» **Required action**:
Set down exactly the stretch of lines below that opens at the line containing "k)) = sigma" and continues through the last line of the entries, and nothing else.

↓↓↓

(* On the i-dimensional space where |Rv| <= s|v|
   (s = sigma_i(R)) the block estimate applies; a nonzero v from it whose trailing part x lies
   in the space where |R22 x| >= sigma_i(R22) |x| compares the two bounds. *)
theorem upper_triangular_trailing_bound:
  fixes R :: "complex mat"
  assumes R: "R \<in> carrier_mat n n" and ut: "upper_triangular R" and kn: "k < n"
    and i: "1 \<le> i" "i \<le> k"
    and gap: "sigma i R < sigma 1 (submat R 0 0 n (n - k))"
  shows "sigma i (submat R (n-k) (n-k) k k)
           \<le> (sigma n R / sigma 1 (submat R 0 0 n (n - k)) + 1) * sigma i R"
proof -
  define l where "l = n - k"
  have lk: "l + k = n" and l0: "0 < l" using kn by (auto simp: l_def)
  define R22 where "R22 = submat R l l k k"
  define s where "s = sigma i R"
  define tau where "tau = (sigma n R / sigma 1 (submat R 0 0 n l) + 1) * s"
  have s0: "0 \<le> s" unfolding s_def using sigma_nonneg[OF R] i kn by simp
  have gap': "s < sigma 1 (submat R 0 0 n l)" using gap unfolding s_def l_def .
  have tau0: "0 \<le> tau" unfolding tau_def using s0 gap' sigma_nonneg[OF R, of n] kn by simp
  have i_n: "i \<le> n" using i kn by simp
  obtain U where U: "U \<in> carrier_mat n n" "mat_adjoint U * U = 1\<^sub>m n" "U * mat_adjoint U = 1\<^sub>m n"
    and small: "\<forall>y\<in>carrier_vec n. (\<forall>j. i \<le> j \<longrightarrow> j < n \<longrightarrow> y$j = 0) \<longrightarrow>
      sq_norm (R *\<^sub>v (U *\<^sub>v y)) \<le> (sigma i R)^2 * sq_norm y"
    by (rule sigma_upper_on_subspace[OF R i(1) i_n])
  obtain U2 where U2: "U2 \<in> carrier_mat k k" "mat_adjoint U2 * U2 = 1\<^sub>m k" "U2 * mat_adjoint U2 = 1\<^sub>m k"
    and large: "\<forall>y\<in>carrier_vec k. (\<forall>j<i-1. y$j = 0) \<longrightarrow>
      (sigma i R22)^2 * sq_norm y \<le> sq_norm (R22 *\<^sub>v (U2 *\<^sub>v y))"
    unfolding R22_def by (rule sigma_lower_on_subspace[OF submat_carrier i])
  obtain y where y: "y \<in> carrier_vec n" "y \<noteq> 0\<^sub>v n" and y_small: "\<forall>j. i \<le> j \<longrightarrow> j < n \<longrightarrow> y$j = 0"
    and y_large: "\<forall>j<i-1. (mat_adjoint U2 *\<^sub>v vec k (\<lambda>a. (U *\<^sub>v y) $ (l+a))) $ j = 0"
    by (rule trailing_part_meets_subspace[OF U(1) U2(1) lk i])
  define v where "v = U *\<^sub>v y"
  define x where "x = vec k (\<lambda>a. v $ (l+a))"
  define y' where "y' = mat_adjoint U2 *\<^sub>v x"
  have v: "v \<in> carrier_vec n" unfolding v_def using U y by simp
  have x: "x \<in> carrier_vec k" unfolding x_def by simp
  have y': "y' \<in> carrier_vec k"
    unfolding y'_def by (rule mult_mat_vec_carrier[OF adjoint_carrier[OF U2(1)] x])
  have x_U2: "x = U2 *\<^sub>v y'" and y'_norm: "sq_norm y' = sq_norm x"
    unfolding y'_def using unitary_coordinates[OF U2(1,3) x] by simp_all
  have v_norm: "sq_norm v = sq_norm y" unfolding v_def by (rule sq_norm_isometry[OF U(1,2) y(1)])
  then have "sq_norm (R *\<^sub>v v) \<le> s^2 * sq_norm v"
    using small y y_small unfolding v_def s_def by simp
  note est = trailing_block_estimate[OF R ut lk l0 v this s0 gap', folded x_def R22_def tau_def]
  have x0: "sq_norm x \<noteq> 0"
    using est(2) v_norm sq_norm_eq_0_iff[OF y(1)] y(2) by auto
  have "(sigma i R22)^2 * sq_norm x = (sigma i R22)^2 * sq_norm y'" using y'_norm by simp
  also have "\<dots> \<le> sq_norm (R22 *\<^sub>v (U2 *\<^sub>v y'))"
    using large y' y_large unfolding y'_def x_def v_def by blast
  also have "\<dots> \<le> tau^2 * sq_norm x" using est(1) by (simp add: x_U2[symmetric])
  finally have "(sigma i R22)^2 \<le> tau^2"
    using x0 sq_norm_nonneg[of x] by (simp add: mult_le_cancel_right)
  then show ?thesis using tau0 unfolding R22_def tau_def s_def l_def by (rule power2_le_imp_le)
qed

theorem lemma3:
  fixes A Q R :: "complex mat" and m n k :: nat
  assumes A: "A \<in> carrier_mat m n" and mn: "n \<le> m"
    and Q: "Q \<in> carrier_mat m n" and Qorth: "mat_adjoint Q * Q = 1\<^sub>m n"
    and R: "R \<in> carrier_mat n n" and Rut: "upper_triangular R"
    and QR: "A = Q * R"
    and kn: "k < n"
    and gap: "\<forall>i\<in>{1..k}. sigma i A < sigma 1 (submat A 0 0 m (n - k))"
  shows "\<forall>i\<in>{1..k}. sigma i (submat R (n - k) (n - k) k k)
           \<le> (sigma n A / sigma 1 (submat A 0 0 m (n - k)) + 1) * sigma i A"
proof
  fix i assume i: "i \<in> {1..k}"
  have sA: "sigma j A = sigma j R" for j
    unfolding QR by (rule sigma_isometry_mult[OF Q Qorth R])
  have sA1: "sigma 1 (submat A 0 0 m (n - k)) = sigma 1 (submat R 0 0 n (n - k))"
    unfolding QR submat_mult_cols[OF Q R diff_le_self]
    by (rule sigma_isometry_mult[OF Q Qorth submat_carrier])
  show "sigma i (submat R (n - k) (n - k) k k)
           \<le> (sigma n A / sigma 1 (submat A 0 0 m (n - k)) + 1) * sigma i A"
    using upper_triangular_trailing_bound[OF R Rut kn] gap i unfolding sA sA1 by simp
qed

end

↑↑↑

» **Completed task**:
  have sA1: "sigma 1 (submat A 0 0 m (n - k)) = sigma 1 (submat R 0 0 n (n - k))"
    unfolding QR submat_mult_cols[OF Q R diff_le_self]
    by (rule sigma_isometry_mult[OF Q Qorth submat_carrier])
  show "sigma i (submat R (n - k) (n - k) k k)
           \<le> (sigma n A / sigma 1 (submat A 0 0 m (n - k)) + 1) * sigma i A"
    using upper_triangular_trailing_bound[OF R Rut kn] gap i unfolding sA sA1 by simp
qed

end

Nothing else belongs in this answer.